The epilator did not work for my armpits. I continued shaving, but the ingrown hairs made it quite painful. I finally decided to give waxing a try. I picked up a hard wax kit, grabbed some popsicle sticks, and got to it! I washed well with soap beforehand, and used rice bran oil as a protective oil and a finishing oil because I already had it in the house and it is noncomedogenic. The first time, I bled. A lot of very well-established roots were being pulled out, and it hurt. The second time it hurt less and didn’t bleed. After that, it took less and less time as I become more experienced, and it hurt less and less.

Fast forward six months, and through my patch test I learned I was also highly allergic to colophony, or rosin, a key component of hair-removal waxes. Although I don’t think any reaction I had was too bad, I did have to get my husband to help me, which took time and arranging. I decided to go back to tweezing my armpits for now. I’m getting faster and faster at it, so it doesn’t take as long as it used to, but it does twist your eyesight a little sometimes. I love that the tweezing lasts quite a while, so I don’t have to do it very often. I haven’t used a razor in about two years.

“Permanent” Hair Removal

I have since looked into laser hair removal and electrolysis. I was shocked to find out that they weren’t actually permanent. They can last a long time, but inevitably you’ll be back to home hair removal, or back for more treatments. Laser hair removal has the added stipulation that it works best on people with dark hair and fair skin. Dark-skinned people can be burnt by the laser, and fair-haired people may not have enough pigment in the hair root to be effectively treated by the laser. Since I’m fair-skinned and fair-haired, that one’s out.




On an adventurous streak, I once tried threading. By myself. I had heard that an experienced threader could do a whole leg in only a couple of minutes. I looked up directions online, gave it a shot…and spent 45 minutes trying to clear a tiny patch on my leg. Ineffectively. I would love to do it again if I could figure out a way to make it work, but right now I do NOT have the skill. Boo.

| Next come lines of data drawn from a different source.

lemma finite_below_mon:
  "finite {a1 :: 'i mon. \<forall>i. Poly_Mapping.lookup a1 i \<le> Poly_Mapping.lookup a i}" (is "finite ?S")
proof -
  define h where "h a1 = restrict (Poly_Mapping.lookup a1) (Poly_Mapping.keys a)" for a1 :: "'i mon"
  have "h ` ?S \<subseteq> PiE (Poly_Mapping.keys a) (\<lambda>i. {..Poly_Mapping.lookup a i})"
    by (auto simp: h_def PiE_iff)
  then have "finite (h ` ?S)" by (rule finite_subset) (simp add: finite_PiE)
  moreover have "inj_on h ?S"
  proof (rule inj_onI, rule poly_mapping_eqI)
    fix x y i assume x: "x \<in> ?S" and y: "y \<in> ?S" and hxy: "h x = h y"
    show "Poly_Mapping.lookup x i = Poly_Mapping.lookup y i"
    proof (cases "i \<in> Poly_Mapping.keys a")
      case True then show ?thesis using fun_cong[OF hxy, of i] by (simp add: h_def)
    next
      case False then show ?thesis using x y by (metis in_keys_iff le_zero_eq mem_Collect_eq)
    qed
  qed
  ultimately show ?thesis by (rule finite_imageD)
qed

lemma finite_splittings: "finite {(a1, a2). a1 + a2 = (a :: 'i mon)}"
proof (rule finite_subset)
  let ?S = "{a1 :: 'i mon. \<forall>i. Poly_Mapping.lookup a1 i \<le> Poly_Mapping.lookup a i}"
  show "{(a1, a2). a1 + a2 = a} \<subseteq> ?S \<times> ?S" by (auto simp: lookup_add)
  show "finite (?S \<times> ?S)" using finite_below_mon[of a] by simp
qed

lemma lookup_lin_xvar [simp]: "Poly_Mapping.lookup (lin v) (xvar i) = Poly_Mapping.lookup v i"
proof -
  have "Poly_Mapping.lookup (lin v) (xvar i)
      = (\<Sum>j\<in>Poly_Mapping.keys v. if j = i then Poly_Mapping.lookup v j else 0)"
    unfolding lin_def lookup_sum by (intro sum.cong) (auto simp: lookup_single when_def)
  also have "\<dots> = Poly_Mapping.lookup v i" by (simp add: in_keys_iff)
  finally show ?thesis .
qed

lemma keys_lin: "g \<in> Poly_Mapping.keys (lin v) \<Longrightarrow> mdeg g = 1"
proof (rule ccontr)
  assume "mdeg g \<noteq> 1"
  then have "Poly_Mapping.lookup (lin v) g = 0"
    unfolding lin_def lookup_sum by (intro sum.neutral) (auto simp: lookup_single when_def)
  then show "g \<in> Poly_Mapping.keys (lin v) \<Longrightarrow> False" by (simp add: in_keys_iff)
qed

lemma keys_prod_lin:
  "g \<in> Poly_Mapping.keys (prod_list (map lin vs) :: ('i,'k::field) sym) \<Longrightarrow> mdeg g = length vs"
proof (induct vs arbitrary: g)
  case (Cons v vs)
  then obtain a b where "g = a + b" "a \<in> Poly_Mapping.keys (lin v)"
    "b \<in> Poly_Mapping.keys (prod_list (map lin vs) :: ('i,'k) sym)"
    using keys_mult by fastforce
  with Cons.hyps keys_lin show ?case by fastforce
qed simp

lemma lin_0 [simp]: "lin 0 = 0"
  by (simp add: lin_def)

lemma lookup_piV:
  "Poly_Mapping.lookup (piV g) i = (if mdeg g = 1 then of_nat (Poly_Mapping.lookup g i) else 0)"
  by (simp add: piV_def map.rep_eq when_def)

lemma piV_0 [simp]: "piV 0 = 0"
  by (simp add: piV_def)

lemma piV_xvar [simp]: "piV (xvar i) = Poly_Mapping.single i (1::'k::field)"
  by (rule poly_mapping_eqI) (simp add: lookup_piV lookup_single when_def)

lemma lin_single_1 [simp]: "lin (Poly_Mapping.single i (1::'k::field)) = Poly_Mapping.single (xvar i) 1"
  by (simp add: lin_def)

lemma lookup_lin2r_unit:
  fixes F :: "('i,'k::field) bimap"
  assumes unit: "\<And>g. F 0 g = piV g"
  shows "Poly_Mapping.lookup (lin2r F 0 p) i = Poly_Mapping.lookup p (xvar i)"
proof -
  have "Poly_Mapping.lookup (lin2r F 0 p) i
      = (\<Sum>g\<in>Poly_Mapping.keys p. Poly_Mapping.lookup p g * Poly_Mapping.lookup (piV g) i)"
    unfolding lin2r_def lookup_sum using unit by simp
  also have "\<dots> = (\<Sum>g\<in>Poly_Mapping.keys p. if g = xvar i then Poly_Mapping.lookup p g else 0)"
  proof (intro sum.cong refl)
    fix g
    show "Poly_Mapping.lookup p g * Poly_Mapping.lookup (piV g) i
        = (if g = xvar i then Poly_Mapping.lookup p g else 0)"
    proof (cases "g = xvar i")
      case False
      then have "mdeg g = 1 \<Longrightarrow> Poly_Mapping.lookup g i = 0" using mdeg_1_xvar[of g i] by blast
      then have "Poly_Mapping.lookup (piV g :: ('i,'k) vec) i = 0" by (auto simp: lookup_piV)
      then show ?thesis using False by simp
    qed (simp add: lookup_piV)
  qed
  also have "\<dots> = Poly_Mapping.lookup p (xvar i)" by (simp add: in_keys_iff)
  finally show ?thesis .
qed

lemma lin2r_0 [simp]: "lin2r F a 0 = 0"
  by (simp add: lin2r_def)

lemma lin2r_single: "lin2r F a (Poly_Mapping.single g 1) = F a g"
  by (simp add: lin2r_def)

lemma lin2_eq_iff: "(\<forall>\<mu> \<nu>. lin2 F \<mu> \<nu> = lin2 G \<mu> \<nu>) \<longleftrightarrow> F = G"
proof
  assume "\<forall>\<mu> \<nu>. lin2 F \<mu> \<nu> = lin2 G \<mu> \<nu>"
  then have "lin2 F (Poly_Mapping.single a 1) (Poly_Mapping.single b 1)
           = lin2 G (Poly_Mapping.single a 1) (Poly_Mapping.single b 1)" for a b
    by blast
  then show "F = G" by (intro ext) (simp add: lin2_def)
qed simp

subsection \<open>The coalgebra morphism \<Phi>'\<close>

lemma decomps_0: "decomps 0 a b = (if a = 0 \<and> b = 0 then {[]} else {})"
  by (auto simp: decomps_def)

lemma decomps_1: "decomps (Suc 0) a b = {[(a, b)]}"
  by (auto simp: decomps_def length_Suc_conv)

lemma mfact_0 [simp]: "mfact 0 = 1"
  by (simp add: mfact_def)

lemma mfact_nonzero [simp]: "mfact a \<noteq> 0"
  by (simp add: mfact_def)

lemma dcoef_nil [simp]: "dcoef 0 0 [] = (1::'k::field_char_0)"
  by (simp add: dcoef_def)

lemma dcoef_single [simp]: "dcoef a b [(a, b)] = (1::'k::field_char_0)"
  by (simp add: dcoef_def)

lemma decomps_fst_mdeg: "ds \<in> decomps n a b \<Longrightarrow> (x, y) \<in> set ds \<Longrightarrow> mdeg x \<le> mdeg a"
  using mdeg_le_sum_list[of x "map fst ds"] by (force simp: decomps_def)

abbreviation Phi_term :: "('i,'k::field) bimap \<Rightarrow> ('i mon \<times> 'i mon) list \<Rightarrow> ('i,'k) sym" where
  "Phi_term \<Phi> ds \<equiv> prod_list (map (\<lambda>(x, y). lin (\<Phi> x y)) ds)"

lemma lookup_Phi_term_other:
  assumes "length ds \<noteq> mdeg g"
  shows "Poly_Mapping.lookup (Phi_term \<Phi> ds :: ('i,'k::field) sym) g = 0"
proof -
  have eq: "map (\<lambda>(x, y). lin (\<Phi> x y)) ds = map lin (map (\<lambda>(x, y). \<Phi> x y) ds)"
    by (induct ds) auto
  have "g \<notin> Poly_Mapping.keys (prod_list (map lin (map (\<lambda>(x, y). \<Phi> x y) ds)) :: ('i,'k) sym)"
  proof
    assume "g \<in> Poly_Mapping.keys (prod_list (map lin (map (\<lambda>(x, y). \<Phi> x y) ds)) :: ('i,'k) sym)"
    then have "mdeg g = length (map (\<lambda>(x, y). \<Phi> x y) ds)" by (rule keys_prod_lin)
    with assms show False by simp
  qed
  then show ?thesis unfolding eq by (simp add: in_keys_iff)
qed

(* \<pi>_V \<circ> \<Phi>' = \<Phi>: only the n = 1 summand of \<Phi>' has a linear part *)
lemma lookup_Phi'_xvar:
  fixes \<Phi> :: "('i,'k::field_char_0) bimap"
  assumes "\<Phi> 0 0 = 0"
  shows "Poly_Mapping.lookup (Phi' \<Phi> a b) (xvar i) = Poly_Mapping.lookup (\<Phi> a b) i"
proof -
  let ?T = "\<lambda>n. \<Sum>ds\<in>decomps n a b.
    (dcoef a b ds / of_nat (fact n)) * Poly_Mapping.lookup (Phi_term \<Phi> ds) (xvar i)"
  have sum: "Poly_Mapping.lookup (Phi' \<Phi> a b) (xvar i) = (\<Sum>n\<in>{..mdeg a + mdeg b}. ?T n)"
    unfolding Phi'_def lookup_sum by simp
  have others: "?T n = 0" if "n \<noteq> 1" for n
  proof (intro sum.neutral ballI)
    fix ds assume "ds \<in> decomps n a b"
    with that have "length ds \<noteq> mdeg (xvar i)" by (simp add: decomps_def)
    then show "(dcoef a b ds / of_nat (fact n)) * Poly_Mapping.lookup (Phi_term \<Phi> ds) (xvar i) = 0"
      by (simp add: lookup_Phi_term_other)
  qed
  show ?thesis
  proof (cases "a = 0 \<and> b = 0")
    case True
    then show ?thesis using sum others[of 0] assms by simp
  next
    case False
    then have "mdeg a + mdeg b \<noteq> 0" by simp
    then have "1 \<in> {..mdeg a + mdeg b}" unfolding atMost_iff by linarith
    then have "(\<Sum>n\<in>{..mdeg a + mdeg b}. ?T n) = ?T 1"
      by (rule sum_eq_single[rotated]) (use others in auto)
    then show ?thesis using sum by (simp add: decomps_1)
  qed
qed

lemma Phi'_local:
  assumes "\<And>c d. mdeg c \<le> mdeg a \<Longrightarrow> \<Phi> c d = \<Psi> c d"
  shows "Phi' \<Phi> a b = Phi' \<Psi> a b"
  unfolding Phi'_def
proof (intro sum.cong refl arg_cong[where f = "psmul _"] arg_cong[where f = prod_list] map_cong)
  fix n ds xy assume ds: "ds \<in> decomps n a b" and xy: "xy \<in> set ds"
  obtain x y where xy_eq: "xy = (x, y)" by fastforce
  have "mdeg x \<le> mdeg a" using decomps_fst_mdeg[OF ds] xy by (simp add: xy_eq)
  then show "(case xy of (x, y) \<Rightarrow> lin (\<Phi> x y)) = (case xy of (x, y) \<Rightarrow> lin (\<Psi> x y))"
    using assms by (simp add: xy_eq)
qed

definition similarity_below :: "nat \<Rightarrow> ('i,'k::field) bimap \<Rightarrow> bool" where
  "similarity_below n \<Phi> \<longleftrightarrow>
     (\<forall>c d. mdeg c < n \<longrightarrow> mdeg d \<le> 1 \<longrightarrow> \<Phi> c d = (if c = 0 then piV d else 0))"

lemma similarity_imp_below: "similarity \<Phi> \<Longrightarrow> similarity_below n \<Phi>"
  by (simp add: similarity_def similarity_below_def)

lemma decomps_has_unit_factor:
  assumes ds: "ds \<in> decomps n a b" and b: "mdeg b \<le> 1" and n: "n \<noteq> mdeg b"
  shows "\<exists>x. (x, 0) \<in> set ds"
proof (rule ccontr)
  assume "\<nexists>x. (x, 0) \<in> set ds"
  then have "0 \<notin> set (map snd ds)" by force
  then have "n \<le> mdeg b"
    using ds length_le_mdeg_sum_list[of "map snd ds"] by (simp add: decomps_def)
  with b n have "n = 0" "mdeg b = 1" by auto
  with ds show False by (auto simp: decomps_def)
qed

lemma Phi'_low:
  fixes \<Phi> :: "('i,'k::field_char_0) bimap"
  assumes sim: "similarity_below (Suc (mdeg a)) \<Phi>" and b: "mdeg b \<le> 1"
  shows "Phi' \<Phi> a b = (if a = 0 then Poly_Mapping.single b 1 else 0)"
proof -
  have sim': "\<Phi> c d = (if c = 0 then piV d else 0)" if "mdeg c \<le> mdeg a" "mdeg d \<le> 1" for c d
    using sim that by (simp add: similarity_below_def)
  let ?T = "\<lambda>n. \<Sum>ds\<in>decomps n a b. psmul (dcoef a b ds / of_nat (fact n)) (Phi_term \<Phi> ds)"
  have others: "?T n = 0" if n: "n \<noteq> mdeg b" for n
  proof (intro sum.neutral ballI)
    fix ds assume ds: "ds \<in> decomps n a b"
    then obtain x where x: "(x, 0) \<in> set ds" using decomps_has_unit_factor[OF ds b n] by blast
    then have "\<Phi> x 0 = 0" using sim' decomps_fst_mdeg[OF ds] by simp
    with x have "0 \<in> set (map (\<lambda>(x, y). lin (\<Phi> x y)) ds)" by force
    then show "psmul (dcoef a b ds / of_nat (fact n)) (Phi_term \<Phi> ds) = 0"
      by (simp add: prod_list_zero)
  qed
  have "Phi' \<Phi> a b = ?T (mdeg b)"
    unfolding Phi'_def by (rule sum_eq_single) (use others b in auto)
  also have "\<dots> = (if a = 0 then Poly_Mapping.single b 1 else 0)"
    using b by (cases rule: mdeg_le_1_cases) (auto simp: decomps_0 decomps_1 sim')
  finally show ?thesis .
qed
lemma clique_holds_Cons [simp]:
  "clique_holds E \<alpha> (x # xs) \<longleftrightarrow> (\<forall>y\<in>set xs. E (\<alpha> x) (\<alpha> y)) \<and> clique_holds E \<alpha> xs"
  unfolding clique_holds_def
proof safe
  fix y
  assume H: "\<forall>i j. i < j \<and> j < length (x # xs) \<longrightarrow> E (\<alpha> ((x # xs) ! i)) (\<alpha> ((x # xs) ! j))"
    and "y \<in> set xs"
  then obtain j where "j < length xs" "y = xs ! j"
    by (auto simp: in_set_conv_nth)
  then show "E (\<alpha> x) (\<alpha> y)"
    using H[rule_format, of 0 "Suc j"] by simp
next
  fix i j
  assume "\<forall>i j. i < j \<and> j < length (x # xs) \<longrightarrow> E (\<alpha> ((x # xs) ! i)) (\<alpha> ((x # xs) ! j))"
    and "i < j" "j < length xs"
  then show "E (\<alpha> (xs ! i)) (\<alpha> (xs ! j))"
    by (metis Suc_less_eq length_Cons nth_Cons_Suc)
next
  fix i j
  assume "\<forall>y\<in>set xs. E (\<alpha> x) (\<alpha> y)"
    and "\<forall>i j. i < j \<and> j < length xs \<longrightarrow> E (\<alpha> (xs ! i)) (\<alpha> (xs ! j))"
    and "i < j" "j < length (x # xs)"
  then show "E (\<alpha> ((x # xs) ! i)) (\<alpha> ((x # xs) ! j))"
    by (cases i; cases j) auto
qed

lemma finite_vars [simp]: "finite (vars p)"
  by (induction p) auto

lemma fv_subset_vars: "fv p \<subseteq> vars p"
  by (induction p) auto

fun conj_fm :: "var list \<Rightarrow> cfm list \<Rightarrow> cfm" where
  "conj_fm zs [] = Clique zs"
| "conj_fm zs (p # ps) = CConj zs p (conj_fm zs ps)"

lemma conj_fm_wf:
  assumes "distinct zs" "\<forall>p\<in>set ps. cfoc p \<and> fv p \<subseteq> set zs"
  shows "cfoc (conj_fm zs ps) \<and> fv (conj_fm zs ps) = set zs"
  using assms(2) by (induction ps) (auto intro!: cfoc.intros assms(1))

lemma vars_conj_fm [simp]: "vars (conj_fm zs ps) = set zs \<union> \<Union>(vars ` set ps)"
  by (induction ps) auto

lemma sat_conj_fm [simp]:
  "sat V E \<alpha> (conj_fm zs ps) \<longleftrightarrow> clique_holds E \<alpha> zs \<and> (\<forall>p\<in>set ps. sat V E \<alpha> p)"
  by (induction ps) auto

definition exactly_fm :: "var list \<Rightarrow> nat \<Rightarrow> var \<Rightarrow> cfm \<Rightarrow> cfm" where
  "exactly_fm zs n y p =
     CConj zs (if n = 0 then Clique zs else CEx zs n y p) (CNeg zs (CEx zs (Suc n) y p))"

lemma exactly_fm_wf:
  assumes "cfoc p" "distinct zs" "y \<notin> set zs" "fv p = insert y (set zs)"
  shows "cfoc (exactly_fm zs n y p) \<and> fv (exactly_fm zs n y p) = set zs"
  using assms by (auto simp: exactly_fm_def intro!: cfoc.intros)

lemma vars_exactly_fm [simp]: "vars (exactly_fm zs n y p) = insert y (set zs \<union> vars p)"
  by (auto simp: exactly_fm_def)

lemma sat_exactly_fm [simp]:
  "sat V E \<alpha> (exactly_fm zs n y p) \<longleftrightarrow>
     clique_holds E \<alpha> zs \<and> card {v\<in>V. sat V E (\<alpha>(y := v)) p} = n"
  by (auto simp: exactly_fm_def)

definition elements :: "'c multiset \<Rightarrow> 'c list" where
  "elements A = (SOME xs. set xs = set_mset A)"

lemma set_elements [simp]: "set (elements A) = set_mset A"
  unfolding elements_def by (rule someI_ex) (simp add: finite_list)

So what does my husband do? Well, his electric razor has been dying for two years. We replaced the rechargeable batteries once, and then he had to knock the shaver around to get it to keep running. He started talking about what to do next, and he ended up switching over to safety razors. Yes, those old things your grandfather used. They’re making a comeback as men try to reclaim the art of a good shave. They do take some practice to master, but because the blades are dual-edged (and because my husband’s hair is on the finer side) the blades last about five shaves before requiring replacement.

Electric Razor

The handle is a one-time purchase (for which there is a VERY wide price range, from $20 to $400 and above) that doesn’t require you to use a specific manufacturer’s blade, and replacement blades cost about 15-35 cents each. You can choose whatever kind of blade gives you the best shave. Because the blade is just a slip of metal rather than plastic and metal combined, it’s slightly more environmentally friendly (though more dangerous) to discard.

As for shaving cream, we looked into a few different options. My allergies mean that he has to use safe products as well, so I looked into homemade shaving solutions. There seem to be two main homemade alternatives: Shaving soap and shaving oil. The downside to the oil is that over time your drain can become clogged. I didn’t have all the ingredients to make my own bar shaving soap from recipes I found, so we chose to try a homemade liquid shaving soap, from this woman. My husband tried it both with honey and with glycerine in place of the honey, and the honey came out the clear winner. I used fractionated coconut oil (the one with just liquid components) to make it, and it requires a *really* good shake/mix before using the first time. I love this stuff because all of the ingredients are shelf-stable, so it’s easy to mix up a decent-sized batch, and you don’t use much for each shave. It rinses easily down the drain thanks to the soap and water-soluble components, it biodegrades, and it keeps my husband happy.